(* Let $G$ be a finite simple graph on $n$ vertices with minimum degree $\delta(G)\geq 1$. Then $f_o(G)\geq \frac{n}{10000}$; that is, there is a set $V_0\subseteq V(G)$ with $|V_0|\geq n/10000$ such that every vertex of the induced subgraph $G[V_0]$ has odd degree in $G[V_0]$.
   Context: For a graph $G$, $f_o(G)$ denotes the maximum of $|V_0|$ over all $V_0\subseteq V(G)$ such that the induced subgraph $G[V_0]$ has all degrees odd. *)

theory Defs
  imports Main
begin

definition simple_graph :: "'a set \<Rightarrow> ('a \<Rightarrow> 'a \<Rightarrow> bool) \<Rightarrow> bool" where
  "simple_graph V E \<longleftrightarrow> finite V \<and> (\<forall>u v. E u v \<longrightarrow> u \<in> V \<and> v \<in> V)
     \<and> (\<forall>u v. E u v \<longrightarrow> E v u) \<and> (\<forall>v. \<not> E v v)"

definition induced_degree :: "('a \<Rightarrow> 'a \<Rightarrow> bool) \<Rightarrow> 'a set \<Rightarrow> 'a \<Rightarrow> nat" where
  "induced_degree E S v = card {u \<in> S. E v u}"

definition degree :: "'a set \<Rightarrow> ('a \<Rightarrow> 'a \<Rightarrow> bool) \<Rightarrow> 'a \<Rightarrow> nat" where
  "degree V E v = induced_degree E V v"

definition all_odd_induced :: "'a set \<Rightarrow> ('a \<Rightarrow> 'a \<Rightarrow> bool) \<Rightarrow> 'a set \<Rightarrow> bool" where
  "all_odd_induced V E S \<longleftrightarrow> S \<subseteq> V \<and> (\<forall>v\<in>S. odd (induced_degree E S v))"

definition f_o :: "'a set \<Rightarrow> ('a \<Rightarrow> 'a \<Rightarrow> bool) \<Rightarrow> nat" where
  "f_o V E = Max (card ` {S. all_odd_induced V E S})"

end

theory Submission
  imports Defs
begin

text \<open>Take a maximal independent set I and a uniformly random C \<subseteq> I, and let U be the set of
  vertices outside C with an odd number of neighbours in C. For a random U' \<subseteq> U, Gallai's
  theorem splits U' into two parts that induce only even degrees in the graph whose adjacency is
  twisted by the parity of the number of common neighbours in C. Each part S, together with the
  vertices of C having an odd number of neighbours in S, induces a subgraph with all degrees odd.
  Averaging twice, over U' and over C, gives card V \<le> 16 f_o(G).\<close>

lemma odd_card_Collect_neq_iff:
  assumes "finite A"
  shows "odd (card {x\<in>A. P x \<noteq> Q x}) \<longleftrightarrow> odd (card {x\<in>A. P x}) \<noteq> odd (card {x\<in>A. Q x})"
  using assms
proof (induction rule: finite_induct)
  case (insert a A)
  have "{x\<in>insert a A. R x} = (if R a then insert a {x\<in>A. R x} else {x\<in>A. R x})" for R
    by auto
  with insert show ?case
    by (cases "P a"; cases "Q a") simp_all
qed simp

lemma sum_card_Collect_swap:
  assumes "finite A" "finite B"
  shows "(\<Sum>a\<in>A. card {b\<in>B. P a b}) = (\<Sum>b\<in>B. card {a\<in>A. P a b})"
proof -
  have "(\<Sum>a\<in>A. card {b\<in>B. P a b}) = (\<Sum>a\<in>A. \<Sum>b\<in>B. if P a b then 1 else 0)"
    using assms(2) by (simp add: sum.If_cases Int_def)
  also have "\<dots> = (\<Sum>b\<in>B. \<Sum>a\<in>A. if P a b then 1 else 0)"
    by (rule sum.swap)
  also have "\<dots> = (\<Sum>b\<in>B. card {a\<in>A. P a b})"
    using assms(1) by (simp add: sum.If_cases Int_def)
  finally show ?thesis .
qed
########
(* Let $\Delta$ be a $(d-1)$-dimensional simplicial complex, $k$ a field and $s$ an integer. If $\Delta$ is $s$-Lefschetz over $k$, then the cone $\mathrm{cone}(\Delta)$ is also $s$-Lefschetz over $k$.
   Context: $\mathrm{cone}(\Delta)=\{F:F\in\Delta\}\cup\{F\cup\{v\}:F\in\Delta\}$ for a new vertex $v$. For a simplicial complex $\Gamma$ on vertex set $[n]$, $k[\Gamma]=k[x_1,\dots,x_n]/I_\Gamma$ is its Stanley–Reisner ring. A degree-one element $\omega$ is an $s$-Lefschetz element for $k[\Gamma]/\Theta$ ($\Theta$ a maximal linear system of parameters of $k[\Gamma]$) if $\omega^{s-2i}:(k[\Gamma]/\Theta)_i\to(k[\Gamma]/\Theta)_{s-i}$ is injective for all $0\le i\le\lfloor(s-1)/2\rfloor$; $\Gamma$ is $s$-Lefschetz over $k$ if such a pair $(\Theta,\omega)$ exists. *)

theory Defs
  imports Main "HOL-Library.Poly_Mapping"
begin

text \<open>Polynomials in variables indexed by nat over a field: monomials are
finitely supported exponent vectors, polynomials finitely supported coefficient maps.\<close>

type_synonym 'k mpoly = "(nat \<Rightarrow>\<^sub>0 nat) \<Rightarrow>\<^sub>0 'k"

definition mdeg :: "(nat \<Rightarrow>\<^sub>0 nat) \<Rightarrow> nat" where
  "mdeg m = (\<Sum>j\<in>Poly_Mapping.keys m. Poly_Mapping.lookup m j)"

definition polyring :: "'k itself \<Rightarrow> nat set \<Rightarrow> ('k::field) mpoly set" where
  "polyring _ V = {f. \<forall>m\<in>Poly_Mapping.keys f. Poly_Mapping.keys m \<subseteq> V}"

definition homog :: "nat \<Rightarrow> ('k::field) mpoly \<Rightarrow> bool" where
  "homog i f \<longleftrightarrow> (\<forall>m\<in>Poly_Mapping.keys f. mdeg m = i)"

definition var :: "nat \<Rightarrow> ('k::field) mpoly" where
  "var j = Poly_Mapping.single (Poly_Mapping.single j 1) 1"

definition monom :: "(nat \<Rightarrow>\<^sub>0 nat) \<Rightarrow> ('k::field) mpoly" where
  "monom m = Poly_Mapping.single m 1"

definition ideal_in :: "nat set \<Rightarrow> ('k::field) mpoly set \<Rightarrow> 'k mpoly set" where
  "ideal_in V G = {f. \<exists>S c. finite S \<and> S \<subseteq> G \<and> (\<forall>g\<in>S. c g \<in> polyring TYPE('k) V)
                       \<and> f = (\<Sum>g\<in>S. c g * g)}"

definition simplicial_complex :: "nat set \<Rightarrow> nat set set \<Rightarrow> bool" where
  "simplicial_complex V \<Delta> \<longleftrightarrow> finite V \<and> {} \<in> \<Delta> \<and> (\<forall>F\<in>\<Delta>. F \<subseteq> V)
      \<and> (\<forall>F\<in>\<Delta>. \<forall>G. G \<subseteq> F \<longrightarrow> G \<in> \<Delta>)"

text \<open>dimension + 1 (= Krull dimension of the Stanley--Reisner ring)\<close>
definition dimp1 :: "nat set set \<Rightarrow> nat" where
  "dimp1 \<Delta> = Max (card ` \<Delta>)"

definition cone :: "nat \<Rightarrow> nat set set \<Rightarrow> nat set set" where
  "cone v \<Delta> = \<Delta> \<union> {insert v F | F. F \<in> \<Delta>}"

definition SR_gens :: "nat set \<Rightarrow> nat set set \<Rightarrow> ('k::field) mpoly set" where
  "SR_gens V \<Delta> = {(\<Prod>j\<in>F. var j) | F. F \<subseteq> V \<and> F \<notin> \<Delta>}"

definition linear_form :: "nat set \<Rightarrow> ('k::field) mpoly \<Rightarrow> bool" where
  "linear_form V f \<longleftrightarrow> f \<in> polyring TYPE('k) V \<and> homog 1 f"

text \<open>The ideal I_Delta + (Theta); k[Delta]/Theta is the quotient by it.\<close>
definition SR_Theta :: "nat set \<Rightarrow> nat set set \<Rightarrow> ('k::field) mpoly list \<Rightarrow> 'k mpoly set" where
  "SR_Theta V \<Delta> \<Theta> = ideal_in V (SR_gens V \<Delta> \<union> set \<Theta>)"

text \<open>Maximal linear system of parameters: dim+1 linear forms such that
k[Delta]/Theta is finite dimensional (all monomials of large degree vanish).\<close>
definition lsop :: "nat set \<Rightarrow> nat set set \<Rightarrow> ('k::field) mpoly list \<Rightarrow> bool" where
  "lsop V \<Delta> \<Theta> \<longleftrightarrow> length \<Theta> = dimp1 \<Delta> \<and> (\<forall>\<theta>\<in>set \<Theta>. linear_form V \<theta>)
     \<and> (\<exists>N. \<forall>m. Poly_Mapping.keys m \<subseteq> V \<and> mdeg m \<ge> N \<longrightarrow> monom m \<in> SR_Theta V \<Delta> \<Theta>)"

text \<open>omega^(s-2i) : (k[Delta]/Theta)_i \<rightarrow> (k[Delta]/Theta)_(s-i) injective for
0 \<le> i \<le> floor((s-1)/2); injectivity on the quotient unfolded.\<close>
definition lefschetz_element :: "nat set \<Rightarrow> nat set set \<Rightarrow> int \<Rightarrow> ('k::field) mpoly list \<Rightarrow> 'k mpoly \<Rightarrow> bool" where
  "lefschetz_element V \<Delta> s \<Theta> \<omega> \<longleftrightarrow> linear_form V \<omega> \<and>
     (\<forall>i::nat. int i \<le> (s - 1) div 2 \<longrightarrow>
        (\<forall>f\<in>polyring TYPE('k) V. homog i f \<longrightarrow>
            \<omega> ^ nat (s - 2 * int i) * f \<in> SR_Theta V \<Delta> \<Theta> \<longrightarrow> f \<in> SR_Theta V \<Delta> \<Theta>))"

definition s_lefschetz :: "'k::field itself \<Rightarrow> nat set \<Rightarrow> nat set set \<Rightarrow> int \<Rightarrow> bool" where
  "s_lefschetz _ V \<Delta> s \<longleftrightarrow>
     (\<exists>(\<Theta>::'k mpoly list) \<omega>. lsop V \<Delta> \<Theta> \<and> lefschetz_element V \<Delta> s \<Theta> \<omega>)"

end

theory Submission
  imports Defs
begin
########
EXERCISE DIRECTIONS: Return the lines above that include the string "homog".

YOUR RESPONSE:
definition homog :: "nat \<Rightarrow> ('k::field) mpoly \<Rightarrow> bool" where
  "homog i f \<longleftrightarrow> (\<forall>m\<in>Poly_Mapping.keys f. mdeg m = i)"
  "linear_form V f \<longleftrightarrow> f \<in> polyring TYPE('k) V \<and> homog 1 f"
        (\<forall>f\<in>polyring TYPE('k) V. homog i f \<longrightarrow>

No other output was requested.